Eu não conhecia essa incrível história da banda Milli Vanilli, formado por um dueto de artistas, e o filme já começa mostrando o único sobrevivente da banda, a ascensão e quedas meteóricas, de modo que não haverá exatamente surpresas. Mas espertamente a edição segura as pontas, e o filme é sobre o caminho a se percorrer até que a fraude da banda, por usar playbacks, seja posta a público, envolvendo produtores, empresários e outros artistas.
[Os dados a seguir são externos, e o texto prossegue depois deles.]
(* Let $x_k(t)$ be smooth with $\dot x_k^2\ne1$, $\wp'(x_k)\neq0$, and $u_k=\wp(x_k)$. Then $$\frac{\ddot x_k}{\dot x_k^2-1}=\zeta(x_{k+1}+x_k)-\zeta(x_{k+1}-x_k)+\zeta(x_k+x_{k-1})+\zeta(x_k-x_{k-1})-2\zeta(2x_k)\quad\forall k$$ holds if and only if $$\frac{\ddot u_k-r'(u_k)/2}{\dot u_k^2-r(u_k)}=\frac{1}{u_k-u_{k+1}}+\frac1{u_k-u_{k-1}}\quad\forall k.$$
   Context: $\wp,\zeta$: Weierstrass functions with invariants $g_2,g_3$ (nondegenerate); $r(u)=4u^3-g_2u-g_3$. *)

theory Defs
  imports "HOL-Complex_Analysis.Complex_Analysis"
begin

definition lattice :: "complex \<Rightarrow> complex \<Rightarrow> complex set" where
  "lattice w1 w2 = {of_int m * w1 + of_int n * w2 | m n. True}"

definition nondeg_periods :: "complex \<Rightarrow> complex \<Rightarrow> bool" where
  "nondeg_periods w1 w2 \<longleftrightarrow> w1 \<noteq> 0 \<and> Im (w2 / w1) \<noteq> 0"

definition wp :: "complex \<Rightarrow> complex \<Rightarrow> complex \<Rightarrow> complex" where
  "wp w1 w2 z = 1 / z ^ 2 +
     infsum (\<lambda>w. 1 / (z - w) ^ 2 - 1 / w ^ 2) (lattice w1 w2 - {0})"

definition wzeta :: "complex \<Rightarrow> complex \<Rightarrow> complex \<Rightarrow> complex" where
  "wzeta w1 w2 z = 1 / z +
     infsum (\<lambda>w. 1 / (z - w) + 1 / w + z / w ^ 2) (lattice w1 w2 - {0})"

definition g2 :: "complex \<Rightarrow> complex \<Rightarrow> complex" where
  "g2 w1 w2 = 60 * infsum (\<lambda>w. 1 / w ^ 4) (lattice w1 w2 - {0})"

definition g3 :: "complex \<Rightarrow> complex \<Rightarrow> complex" where
  "g3 w1 w2 = 140 * infsum (\<lambda>w. 1 / w ^ 6) (lattice w1 w2 - {0})"

definition rpoly :: "complex \<Rightarrow> complex \<Rightarrow> complex \<Rightarrow> complex" where
  "rpoly w1 w2 u = 4 * u ^ 3 - g2 w1 w2 * u - g3 w1 w2"

definition rpoly' :: "complex \<Rightarrow> complex \<Rightarrow> complex \<Rightarrow> complex" where
  "rpoly' w1 w2 u = 12 * u ^ 2 - g2 w1 w2"

end

(* Put u = wp(x).  The chain rule gives u' = x' wp'(x) and u'' = x'' wp'(x) + x'^2 wp''(x), and with
   wp'^2 = r(wp), wp'' = r'(wp)/2 the left-hand side of the u-equation becomes
   wp''/wp'^2 + x''/(wp' (x'^2 - 1)).  On the zeta side, the addition formula
   zeta(x + y) + zeta(x - y) - 2 zeta(x) = wp'(x)/(wp(x) - wp(y)) and the duplication formula
   zeta(2x) - 2 zeta(x) = wp''(x)/(2 wp'(x)) turn the right-hand side of the x-equation into
   wp'(x) (1/(u_k - u_(k+1)) + 1/(u_k - u_(k-1))) - wp''/wp'.  As wp'(x) is nonzero, the two
   equations are equivalent for every k and t.

   Absolute convergence over the
   lattice gives holomorphy and termwise derivatives, and Liouville's theorem shows that an elliptic
   function with only removable singularities is constant.  This gives the periodicity of wp, the
   differential equation (its defect tends to 0 at 0 by the Laurent expansion) and the addition
   formula (its defect is odd and has removable singularities); duplication is the limit y -> x of
   addition. *)

theory Submission
  imports Defs
begin

section \<open>Lattice sums over \<open>\<int>\<^sup>2\<close>\<close>

definition box_norm :: "int \<times> int \<Rightarrow> int" where
  "box_norm p = max \<bar>fst p\<bar> \<bar>snd p\<bar>"

lemma box_norm_nonneg [simp]: "0 \<le> box_norm p"
  by (simp add: box_norm_def)

lemma box_norm_ge_1: "p \<noteq> (0, 0) \<Longrightarrow> 1 \<le> box_norm p"
  by (cases p) (auto simp: box_norm_def max_def)

lemma box_sphere_subset: "{p. box_norm p = k} \<subseteq> {-k..k} \<times> {-k, k} \<union> {-k, k} \<times> {-k..k}"
  by (auto simp: box_norm_def max_def split: if_splits)

lemma finite_box_sphere: "finite {p. box_norm p = k}"
  by (rule finite_subset[OF box_sphere_subset]) auto

lemma card_box_sphere_le:
  assumes "k \<ge> 1"
  shows "real (card {p. box_norm p = k}) \<le> 12 * real_of_int k"
proof -
  have "card {p. box_norm p = k} \<le> card ({-k..k} \<times> {-k, k} \<union> {-k, k} \<times> {-k..k})"
    by (rule card_mono[OF _ box_sphere_subset]) auto
  also have "\<dots> \<le> card ({-k..k} \<times> {-k, k}) + card ({-k, k} \<times> {-k..k})"
    by (rule card_Un_le)
  also have "\<dots> \<le> nat (2 * k + 1) * 2 + 2 * nat (2 * k + 1)"
  proof -
    have "card {-k, k} \<le> 2"
      by (rule order_trans[OF card_insert_le_m1]) auto
    then show ?thesis
      by (simp only: card_cartesian_product card_atLeastAtMost_int) (intro add_mono mult_mono; simp)
  qed
  finally show ?thesis
    using assms by linarith
qed

definition punctured_box :: "nat \<Rightarrow> (int \<times> int) set" where
  "punctured_box K = {p. 1 \<le> box_norm p \<and> box_norm p \<le> int K}"

lemma finite_punctured_box: "finite (punctured_box K)"
proof (rule finite_subset)
  show "punctured_box K \<subseteq> {-int K..int K} \<times> {-int K..int K}"
    by (auto simp: punctured_box_def box_norm_def max_def split: if_splits)
qed auto

lemma sum_punctured_box_le:
  "(\<Sum>p\<in>punctured_box K. 1 / real_of_int (box_norm p) ^ 3) \<le> 24 - 24 / (real K + 1)"
proof (induction K)
  case 0
  have "punctured_box 0 = {}"
    by (auto simp: punctured_box_def)
  then show ?case
    by simp
next
  case (Suc K)
  let ?f = "\<lambda>p. 1 / real_of_int (box_norm p) ^ 3"
  have split: "punctured_box (Suc K) = punctured_box K \<union> {p. box_norm p = int K + 1}"
    and disjoint: "punctured_box K \<inter> {p. box_norm p = int K + 1} = {}"
    by (auto simp: punctured_box_def)
  have "(\<Sum>p\<in>{p. box_norm p = int K + 1}. ?f p)
      = real (card {p. box_norm p = int K + 1}) / (real K + 1) ^ 3"
    by (subst sum.cong[OF refl, of _ _ "\<lambda>_. 1 / (real K + 1) ^ 3"]) auto
  also have "\<dots> \<le> 12 * (real K + 1) / (real K + 1) ^ 3"
    using card_box_sphere_le[of "int K + 1"] by (intro divide_right_mono) auto
  also have "\<dots> \<le> 24 / (real K + 1) - 24 / (real K + 2)"
  proof -
    define a where "a = real K + 1"
    have a: "a \<ge> 1"
      by (simp add: a_def)
    then have "12 * a / a ^ 3 = 12 / a ^ 2"
      by (simp add: power2_eq_square power3_eq_cube)
    also have "\<dots> \<le> 24 / (a * (a + 1))"
      using a by (simp add: divide_simps power2_eq_square)
    also have "\<dots> = 24 / a - 24 / (a + 1)"
      using a by (simp add: field_simps)
    finally show ?thesis
      by (simp add: a_def add.assoc)
  qed
  finally have "(\<Sum>p\<in>{p. box_norm p = int K + 1}. ?f p) \<le> 24 / (real K + 1) - 24 / (real K + 2)" .
  moreover have "(\<Sum>p\<in>punctured_box (Suc K). ?f p)
      = (\<Sum>p\<in>punctured_box K. ?f p) + (\<Sum>p\<in>{p. box_norm p = int K + 1}. ?f p)"
    unfolding split by (rule sum.union_disjoint[OF finite_punctured_box finite_box_sphere disjoint])
  moreover have "24 / (real (Suc K) + 1) = 24 / (real K + 2)"
    by simp
  ultimately show ?case
    using Suc.IH by linarith
qed

lemma inverse_box_norm_cube_summable:
  "(\<lambda>p. 1 / real_of_int (box_norm p) ^ 3) summable_on (UNIV - {(0, 0)})"
proof (rule nonneg_bdd_above_summable_on)
  show "bdd_above (sum (\<lambda>p. 1 / real_of_int (box_norm p) ^ 3) ` {F. F \<subseteq> UNIV - {(0, 0)} \<and> finite F})"
  proof (rule bdd_aboveI, safe)
    fix F :: "(int \<times> int) set"
    assume F: "F \<subseteq> UNIV - {(0, 0)}" "finite F"
    obtain M where M: "\<And>p. p \<in> F \<Longrightarrow> box_norm p \<le> M"
      using bdd_above_finite[OF finite_imageI[OF F(2), of box_norm]] by (auto simp: bdd_above_def)
    have "F \<subseteq> punctured_box (nat M)"
    proof
      fix p assume "p \<in> F"
      then show "p \<in> punctured_box (nat M)"
        using F(1) M[of p] box_norm_ge_1[of p] by (force simp: punctured_box_def)
    qed
    then have "(\<Sum>p\<in>F. 1 / real_of_int (box_norm p) ^ 3)
        \<le> (\<Sum>p\<in>punctured_box (nat M). 1 / real_of_int (box_norm p) ^ 3)"
      by (intro sum_mono2 finite_punctured_box) simp_all
    also have "\<dots> \<le> 24"
      using sum_punctured_box_le[of "nat M"] zero_le_divide_iff[of 24 "real (nat M) + 1"] by linarith
    finally show "(\<Sum>p\<in>F. 1 / real_of_int (box_norm p) ^ 3) \<le> 24" .
  qed
qed simp

lemma locally_finite_isolated:
  fixes S :: "'a::metric_space set"
  assumes "finite (S \<inter> cball z 1)"
  shows "\<exists>r>0. \<forall>y\<in>S. y \<noteq> z \<longrightarrow> r \<le> dist z y"
proof -
  obtain d where d: "d > 0" "\<forall>x\<in>S \<inter> cball z 1. x \<noteq> z \<longrightarrow> d \<le> dist z x"
    using finite_set_avoid[OF assms, of z] by blast
  show ?thesis
  proof (intro exI[of _ "min d 1"] conjI ballI impI)
    fix y assume "y \<in> S" "y \<noteq> z"
    then show "min d 1 \<le> dist z y"
      using d by (cases "dist z y \<le> 1") (auto simp: dist_commute)
  qed (use d in auto)
qed

lemma eventually_notin_locally_finite:
  fixes S :: "'a::metric_space set"
  assumes "finite (S \<inter> cball z 1)"
  shows "eventually (\<lambda>x. x \<notin> S) (at z)"
proof -
  obtain r where "r > 0" "\<forall>y\<in>S. y \<noteq> z \<longrightarrow> r \<le> dist z y"
    using locally_finite_isolated[OF assms] by blast
  then show ?thesis
    unfolding eventually_at by (intro exI[of _ r]) (auto simp: dist_commute)
qed

lemma open_Compl_locally_finite:
  fixes S :: "'a::metric_space set"
  assumes "\<And>z. finite (S \<inter> cball z 1)"
  shows "open (- S)"
  unfolding open_contains_ball
proof
  fix z assume "z \<in> - S"
  moreover obtain r where "r > 0" "\<forall>y\<in>S. y \<noteq> z \<longrightarrow> r \<le> dist z y"
    using locally_finite_isolated[OF assms] by blast
  ultimately show "\<exists>e>0. ball z e \<subseteq> - S"
    by (intro exI[of _ r]) auto
qed

lemma tendsto_shift_periodic:
  fixes f :: "'a::real_normed_vector \<Rightarrow> 'b::topological_space"
  assumes "\<And>z. finite (E \<inter> cball z 1)"
    and "\<And>z. z + \<omega> \<in> E \<longleftrightarrow> z \<in> E"
    and "\<And>z. z \<notin> E \<Longrightarrow> f (z + \<omega>) = f z"
    and "(f \<longlongrightarrow> l) (at e)"
  shows "(f \<longlongrightarrow> l) (at (e + \<omega>))"
proof -
  have "((\<lambda>x. f (x - \<omega>)) \<longlongrightarrow> l) (at (e + \<omega>))"
    using LIM_offset[OF assms(4), of "- \<omega>"] by simp
  moreover have "eventually (\<lambda>x. f (x - \<omega>) = f x) (at (e + \<omega>))"
    using eventually_notin_locally_finite[OF assms(1)[of "e + \<omega>"]]
  proof eventually_elim
    case (elim x)
    then show ?case
      using assms(2)[of "x - \<omega>"] assms(3)[of "x - \<omega>"] by simp
  qed
  ultimately show ?thesis
    by (rule tendsto_cong[THEN iffD1, rotated])
qed

lemma infsum_has_field_derivative:
  fixes f f' :: "'a \<Rightarrow> complex \<Rightarrow> complex"
  assumes r: "r > 0"
    and der: "\<And>w z. w \<in> A \<Longrightarrow> z \<in> cball z0 r \<Longrightarrow> (f w has_field_derivative f' w z) (at z)"
    and M: "M summable_on A"
    and bound: "\<And>w z. w \<in> A \<Longrightarrow> z \<in> cball z0 r \<Longrightarrow> norm (f w z) \<le> M w"
  shows "((\<lambda>z. \<Sum>\<^sub>\<infinity>w\<in>A. f w z) has_field_derivative (\<Sum>\<^sub>\<infinity>w\<in>A. f' w z0)) (at z0)"
proof -
  have lim: "uniform_limit (cball z0 r) (\<lambda>X z. \<Sum>w\<in>X. f w z) (\<lambda>z. \<Sum>\<^sub>\<infinity>w\<in>A. f w z)
      (finite_subsets_at_top A)"
    using bound M by (rule Weierstrass_m_test_general)
  have "\<forall>\<^sub>F X in finite_subsets_at_top A. continuous_on (cball z0 r) (\<lambda>z. \<Sum>w\<in>X. f w z) \<and>
      (\<forall>z\<in>ball z0 r. ((\<lambda>z. \<Sum>w\<in>X. f w z) has_field_derivative (\<Sum>w\<in>X. f' w z)) (at z))"
  proof (rule eventually_finite_subsets_at_top_weakI, intro conjI ballI)
    fix X assume X: "finite X" "X \<subseteq> A"
    show "continuous_on (cball z0 r) (\<lambda>z. \<Sum>w\<in>X. f w z)"
      using der X by (intro continuous_on_sum continuous_at_imp_continuous_on ballI)
        (meson DERIV_isCont subsetD)
    show "((\<lambda>z. \<Sum>w\<in>X. f w z) has_field_derivative (\<Sum>w\<in>X. f' w z)) (at z)"
      if "z \<in> ball z0 r" for z
      using der X that by (intro DERIV_sum) auto
  qed
  from has_complex_derivative_uniform_limit[OF this lim _ r]
  obtain g' where g': "\<And>z. z \<in> ball z0 r \<Longrightarrow>
      ((\<lambda>z. \<Sum>\<^sub>\<infinity>w\<in>A. f w z) has_field_derivative g' z) (at z) \<and>
      ((\<lambda>X. \<Sum>w\<in>X. f' w z) \<longlongrightarrow> g' z) (finite_subsets_at_top A)"
    using finite_subsets_at_top_neq_bot by (metis trivial_limit_def)
  have z0: "z0 \<in> ball z0 r"
    using r by simp
  have "infsum (\<lambda>w. f' w z0) A = g' z0"
    using g'[OF z0] by (intro infsumI) (simp add: has_sum_def)
  then show ?thesis
    using g'[OF z0] by simp
qed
Claro que Milli Vanilli não entra sozinho neste rol, artistas como Britney Spears, Justin Bieber, Mariah Carey, tiveram seus momentos de playbacks postos à mídia, mas aqui a proporção foi gigante, e ainda tinha um Grammy atrapalhando o caminho. Os cantores não usaram apenas em apresentações ou de forma pontual: simplesmente todo o disco de estreia fora gravado com vozes de terceiros, e este mesmo disco rendeu-lhes um Grammy por artista Revelação de 1990.
Formado pelos cantores Fabrice Morvan e Rob Pilatus, a ascensão da Milli Vanilli começou em 1988, quando lançaram seu álbum de estreia "Girl You Know It's True". O álbum foi um grande sucesso, impulsionado por singles como "Girl You Know It's True", "Blame It on the Rain" e "Baby Don't Forget My Number". A imagem da banda era caracterizada por sua aparência moderna e danças coreografadas, o que os tornou populares no cenário musical da época. Tinham o apelo da dança e do estilo a seu favor, com suas imagens sendo devidamente exploradas.
A dupla, então, cruza com os produtores Frank Farian e Bernd Dietrich, que contrataram outros cantores para gravar as faixas do álbum que seriam lançados por Milli Vanilli. A questão é: ralmente impressiona que muitos figurões não sabiam disso, ou sabiam e faziam vista grossa?
Em um dos depoimentos, um deles já avisa: o que isso importa? Afinal, na música de massa se está consumindo um produto.
Esse debate é relevante hoje em dia à medida que vivemos a era dos DJs, que lançam singles cheios de efeitos especiais remasterizados, ou mesmo temos a presença da IA fazendo reviver cantores já mortos, como no caso de "Now and then" dos Beatles, lançada em novembro de 2023. Qual o papel, afinal, da autenticidade na arte?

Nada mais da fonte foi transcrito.